• Your instructions: Look through the lines below; wherever the word "using" appears, copy that line.
* * * * *
(* Let $X$, $H$, $v=(r,H,s)$ (primitive), $Y$, $a,b,c,d$, $\widetilde H=H/d$, $\gamma=\gamma(\widetilde H)$, $h$, $\widetilde h=h/d$, $K(\widetilde H)\subset K(h)$ be as in the context, and assume $\gcd(c,d\gamma)=1$. Then the canonical identification $$\epsilon:\ N(X)^*/N(X)=T(X)^*/T(X)=T(Y)^*/T(Y)=N(Y)^*/N(Y)$$ is given by $$\epsilon:\ cn\widetilde H^*+k^*+N(X)\ \mapsto\ m(a,b)\,n\,\widetilde h^*+k^*+N(Y)$$ for $n\in\mathbb Z$, $k^*\in K(\widetilde H)^*$ (with $cn\widetilde H^*+k^*\in N(X)^*$), where $m(a,b)$ is an integer with $m(a,b)\equiv-1\pmod{2a}$, $m(a,b)\equiv 1\pmod{2b}$, considered modulo $2ab/d^2$. Equivalently, $\epsilon\big(\kappa(\widetilde H)(cn,k^* )\big)=\kappa(\widetilde h)(m(a,b)n,k^* )$.
   Context: $X$ is a smooth complex projective K3 surface with Picard lattice $N(X)$ and transcendental lattice $T(X)=N(X)^\perp$ in the unimodular lattice $H^2(X,\mathbb Z)$; similarly for $Y$. For a primitive sublattice $L$ of a unimodular lattice with orthogonal complement $L'$, $L^*/L$ and $L'^*/L'$ are canonically identified via $x^*+L\mapsto y^*+L'$ when $x^*+y^*$ lies in the unimodular lattice. $H\in N(X)$ is a polarization with $H^2=2rs$; $d\in\mathbb N$ with $\widetilde H=H/d$ primitive; $\gamma>0$ with $\widetilde H\cdot N(X)=\gamma\mathbb Z$; $v=(r,H,s)$ is a primitive isotropic Mukai vector for the Mukai pairing $-(u_0v_2+u_2v_0)+u_1\cdot v_1$ on $\mathbb Z\oplus H^2(X,\mathbb Z)\oplus\mathbb Z$; $Y$ is the moduli space of $H$-semistable coherent sheaves on $X$ with Mukai vector $v$ (a K3 surface), with Mukai's Hodge isometry $H^2(Y,\mathbb Z)\cong v^\perp/\mathbb Zv$; this embeds $T(X)$ into $T(Y)$, and when $\gcd(c,d\gamma)=1$ (Mukai) this is an equality $T(X)=T(Y)$ compatible with $H^{2,0}$. $c=\gcd(r,s)$, $a=r/c$, $b=s/c$. $h\in N(Y)$ is the class of $(-a,0,b)$ mod $\mathbb Zv$, $\widetilde h=h/d$ (primitive), $\widetilde H^*=\widetilde H/\widetilde H^2$, $\widetilde h^*=\widetilde h/\widetilde h^2$. $K(\widetilde H)=\widetilde H^\perp\subset N(X)$ is identified with a finite-index sublattice of $K(h)=h^\perp\subset N(Y)$ via $k\mapsto(0,k,0)\bmod\mathbb Zv$, so $K(\widetilde H)^*\supset K(h)^*$ and $K(\widetilde H)^*\subset K(h)\otimes\mathbb Q$. For an even lattice $S$ and primitive $P$ with $P^2=2m\ne0$, $P\cdot S=\gamma(P)\mathbb Z$, $K(P)=P^\perp$, $P^*=P/(2m)$, $u^*(P)\in K(P)^*$ with $\gamma(P)P^*+u^*(P)\in S$: $\widetilde K(P)^*=\{(n,k^* )\in\mathbb Z\oplus K(P)^*: n\equiv-\tfrac{2m}{\gamma(P)}(k^*\cdot u^*(P))\pmod{2m/\gamma(P)}\}$ and $\kappa(P)(n,k^* )=nP^*+k^*+S\in S^*/S$. *)

theory Defs
  imports Main "HOL.Rat"
begin

text \<open>Lattice-theoretic model. An integral lattice of rank CARD('n) is modelled as the
 integer points of 'n => rat, with Gram matrix G; rational vectors model L tensor Q.\<close>

definition vadd :: "('n \<Rightarrow> rat) \<Rightarrow> ('n \<Rightarrow> rat) \<Rightarrow> ('n \<Rightarrow> rat)" where
  "vadd x y = (\<lambda>i. x i + y i)"

definition smul :: "rat \<Rightarrow> ('n \<Rightarrow> rat) \<Rightarrow> ('n \<Rightarrow> rat)" where
  "smul q x = (\<lambda>i. q * x i)"

definition bil :: "('n::finite \<Rightarrow> 'n \<Rightarrow> int) \<Rightarrow> ('n \<Rightarrow> rat) \<Rightarrow> ('n \<Rightarrow> rat) \<Rightarrow> rat" where
  "bil G x y = (\<Sum>i\<in>UNIV. \<Sum>j\<in>UNIV. x i * of_int (G i j) * y j)"

definition intvec :: "('n \<Rightarrow> rat) \<Rightarrow> bool" where
  "intvec x = (\<forall>i. x i \<in> \<int>)"

definition even_unimodular :: "('n::finite \<Rightarrow> 'n \<Rightarrow> int) \<Rightarrow> bool" where
  "even_unimodular G =
     ((\<forall>i j. G i j = G j i) \<and>
      (\<forall>x. intvec x \<longrightarrow> (\<exists>k::int. bil G x x = 2 * of_int k)) \<and>
      (\<forall>x. (\<forall>y. intvec y \<longrightarrow> bil G x y \<in> \<int>) \<longrightarrow> intvec x))"

definition sublattice :: "('n \<Rightarrow> rat) set \<Rightarrow> bool" where
  "sublattice M = (M \<subseteq> {x. intvec x} \<and> (\<lambda>i. 0) \<in> M \<and>
      (\<forall>x\<in>M. \<forall>y\<in>M. vadd x y \<in> M \<and> smul (-1) x \<in> M))"

definition primitive_sublattice :: "('n \<Rightarrow> rat) set \<Rightarrow> bool" where
  "primitive_sublattice M = (sublattice M \<and>
      (\<forall>x. intvec x \<longrightarrow> (\<exists>k::int. k \<noteq> 0 \<and> smul (of_int k) x \<in> M) \<longrightarrow> x \<in> M))"

definition nondegenerate_on :: "('n::finite \<Rightarrow> 'n \<Rightarrow> int) \<Rightarrow> ('n \<Rightarrow> rat) set \<Rightarrow> bool" where
  "nondegenerate_on G M = (\<forall>x\<in>M. (\<forall>y\<in>M. bil G x y = 0) \<longrightarrow> x = (\<lambda>i. 0))"

definition prim_vec :: "('n \<Rightarrow> rat) \<Rightarrow> bool" where
  "prim_vec x = (intvec x \<and> (\<forall>q::rat. intvec (smul q x) \<longrightarrow> q \<in> \<int>))"

text \<open>M tensor Q (for a sublattice M) and the dual lattice M^* inside it.\<close>
definition rspan :: "('n \<Rightarrow> rat) set \<Rightarrow> ('n \<Rightarrow> rat) set" where
  "rspan M = {x. \<exists>k::int. k \<noteq> 0 \<and> smul (of_int k) x \<in> M}"

definition dual :: "('n::finite \<Rightarrow> 'n \<Rightarrow> int) \<Rightarrow> ('n \<Rightarrow> rat) set \<Rightarrow> ('n \<Rightarrow> rat) set" where
  "dual G M = {x \<in> rspan M. \<forall>y\<in>M. bil G x y \<in> \<int>}"

definition orth :: "('n::finite \<Rightarrow> 'n \<Rightarrow> int) \<Rightarrow> ('n \<Rightarrow> rat) set \<Rightarrow> ('n \<Rightarrow> rat) set" where
  "orth G M = {x. intvec x \<and> (\<forall>y\<in>M. bil G x y = 0)}"

definition Kperp :: "('n::finite \<Rightarrow> 'n \<Rightarrow> int) \<Rightarrow> ('n \<Rightarrow> rat) set \<Rightarrow> ('n \<Rightarrow> rat) \<Rightarrow> ('n \<Rightarrow> rat) set" where
  "Kperp G M P = {x \<in> M. bil G P x = 0}"

text \<open>Mukai lattice Z + L + Z (tensor Q): triples (u0,u1,u2).\<close>
type_synonym 'n mvec = "rat \<times> ('n \<Rightarrow> rat) \<times> rat"

definition mukai :: "('n::finite \<Rightarrow> 'n \<Rightarrow> int) \<Rightarrow> 'n mvec \<Rightarrow> 'n mvec \<Rightarrow> rat" where
  "mukai G u w = (case u of (u0,u1,u2) \<Rightarrow> case w of (w0,w1,w2) \<Rightarrow>
      -(u0 * w2 + u2 * w0) + bil G u1 w1)"

definition mint :: "'n mvec \<Rightarrow> bool" where
  "mint u = (case u of (u0,u1,u2) \<Rightarrow> u0 \<in> \<int> \<and> intvec u1 \<and> u2 \<in> \<int>)"

definition madd :: "'n mvec \<Rightarrow> 'n mvec \<Rightarrow> 'n mvec" where
  "madd u w = (case u of (u0,u1,u2) \<Rightarrow> case w of (w0,w1,w2) \<Rightarrow>
      (u0 + w0, vadd u1 w1, u2 + w2))"

definition msmul :: "rat \<Rightarrow> 'n mvec \<Rightarrow> 'n mvec" where
  "msmul q u = (case u of (u0,u1,u2) \<Rightarrow> (q * u0, smul q u1, q * u2))"

definition prim_mvec :: "'n mvec \<Rightarrow> bool" where
  "prim_mvec u = (mint u \<and> (\<forall>q::rat. mint (msmul q u) \<longrightarrow> q \<in> \<int>))"

text \<open>The canonical identification
  eps : N(X)^*/N(X) = T(X)^*/T(X) = T(Y)^*/T(Y) = N(Y)^*/N(Y)
 as a relation between representatives: x (in N(X)^*, a rational vector of L) and y
 (a rational Mukai vector orthogonal to v, representing a class of (v^perp/Zv) tensor Q)
 correspond iff there is t in T(X)^* with x + t in H^2(X,Z) and
 y + (0,t,0) in H^2(Y,Z) = v^perp/Zv, i.e. y + (0,t,0) + q v integral for some rational q.
 Here T(X) is embedded into H^2(Y) by t |-> (0,t,0) mod Zv (Mukai).\<close>
definition eps_rel :: "('n::finite \<Rightarrow> 'n \<Rightarrow> int) \<Rightarrow> ('n \<Rightarrow> rat) set \<Rightarrow> 'n mvec
    \<Rightarrow> ('n \<Rightarrow> rat) \<Rightarrow> 'n mvec \<Rightarrow> bool" where
  "eps_rel G NX v x y = (\<exists>t \<in> dual G (orth G NX).
      intvec (vadd x t) \<and> (\<exists>q::rat. mint (madd (madd y (0, t, 0)) (msmul q v))))"

end

theory Submission
  imports Defs "HOL-Analysis.Cartesian_Space"
begin

text \<open>The class of \<open>x \<in> N(X)\<^sup>*\<close> in \<open>T(X)\<^sup>*/T(X)\<close> is found by gluing: the functional
  \<open>bil G x\<close> on the primitive sublattice \<open>N(X)\<close> extends to an integral functional on the whole
  lattice, which unimodularity represents by a lattice vector \<open>w\<close>; then \<open>t = w - x\<close> lies in
  \<open>T(X)\<^sup>*\<close> and \<open>x + t\<close> is integral. On the side of \<open>Y\<close>, adding \<open>q v\<close> with
  \<open>q = nd/(2cab)\<close> to the proposed image plus \<open>(0, t, 0)\<close> makes its middle component \<open>x + t\<close>
  and its outer components \<open>-nd(m-1)/(2b)\<close> and \<open>nd(m+1)/(2a)\<close>, which are integers by the
  congruences for \<open>m\<close>.\<close>

definition dotp :: "('n::finite \<Rightarrow> rat) \<Rightarrow> ('n \<Rightarrow> rat) \<Rightarrow> rat" where
  "dotp u y = (\<Sum>i\<in>UNIV. u i * y i)"

lemma dotp_in_Ints: "intvec u \<Longrightarrow> intvec y \<Longrightarrow> dotp u y \<in> \<int>"
  unfolding dotp_def intvec_def by (intro Ints_sum Ints_mult) auto

lemma dotp_vadd: "dotp u (vadd x y) = dotp u x + dotp u y"
  unfolding dotp_def vadd_def by (simp add: distrib_left sum.distrib)

lemma dotp_smul: "dotp u (smul q x) = q * dotp u x"
  unfolding dotp_def smul_def by (simp add: sum_distrib_left mult.left_commute)

lemma dotp_zero: "dotp u (\<lambda>i. 0) = 0"
  unfolding dotp_def by simp

lemma bil_in_Ints: "intvec x \<Longrightarrow> intvec y \<Longrightarrow> bil G x y \<in> \<int>"
  unfolding bil_def intvec_def by (intro Ints_sum Ints_mult) auto

lemma bil_diff_left: "bil G (\<lambda>i. x i - y i) z = bil G x z - bil G y z"
  unfolding bil_def by (simp add: left_diff_distrib sum_subtractf)

lemma bil_smul_left: "bil G (smul q x) z = q * bil G x z"
  unfolding bil_def smul_def by (simp add: sum_distrib_left mult.assoc)

lemma bil_smul_right: "bil G z (smul q x) = q * bil G z x"
  unfolding bil_def smul_def by (simp add: sum_distrib_left mult.assoc mult.left_commute)

lemma bil_sym: "(\<And>i j. G i j = G j i) \<Longrightarrow> bil G x y = bil G y x"
  unfolding bil_def by (subst sum.swap) (simp add: ac_simps)

lemma bil_eq_dotp_row: "bil G x y = dotp (\<lambda>j. \<Sum>i\<in>UNIV. x i * of_int (G i j)) y"
  unfolding bil_def dotp_def by (subst sum.swap) (simp add: sum_distrib_right)

lemma sublattice_smul_int:
  assumes "sublattice M" "y \<in> M"
  shows "smul (of_int k) y \<in> M"
proof -
  have nat: "smul (of_nat j) y \<in> M" for j
  proof (induction j)
    case 0
    have "smul (of_nat 0) y = (\<lambda>i. 0)" by (simp add: smul_def)
    then show ?case using assms by (simp add: sublattice_def)
  next
    case (Suc j)
    have "smul (of_nat (Suc j)) y = vadd (smul (of_nat j) y) y"
      by (simp add: smul_def vadd_def algebra_simps)
    then show ?case using Suc assms by (simp add: sublattice_def)
  qed
  show ?thesis
  proof (cases "k \<ge> 0")
    case True
    then show ?thesis using nat[of "nat k"] by simp
  next
    case False
    have "smul (of_int k) y = smul (-1) (smul (of_nat (nat (-k))) y)"
      using False by (simp add: smul_def fun_eq_iff)
    then show ?thesis using nat[of "nat (-k)"] assms by (simp add: sublattice_def)
  qed
qed

lemma intvecE:
  assumes "intvec y"
  obtains z :: "'n \<Rightarrow> int" where "y = (\<lambda>i. of_int (z i))"
proof -
  have "\<forall>i. \<exists>k. y i = of_int k" using assms unfolding intvec_def by (auto elim: Ints_cases)
  then obtain z where "\<forall>i. y i = of_int (z i)" by metis
  then show ?thesis by (auto intro: that)
qed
* * * * *
• Solved exercise:
    then show ?case using assms by (simp add: sublattice_def)
    then show ?case using Suc assms by (simp add: sublattice_def)
    then show ?thesis using nat[of "nat k"] by simp
      using False by (simp add: smul_def fun_eq_iff)
    then show ?thesis using nat[of "nat (-k)"] assms by (simp add: sublattice_def)
  have "\<forall>i. \<exists>k. y i = of_int k" using assms unfolding intvec_def by (auto elim: Ints_cases)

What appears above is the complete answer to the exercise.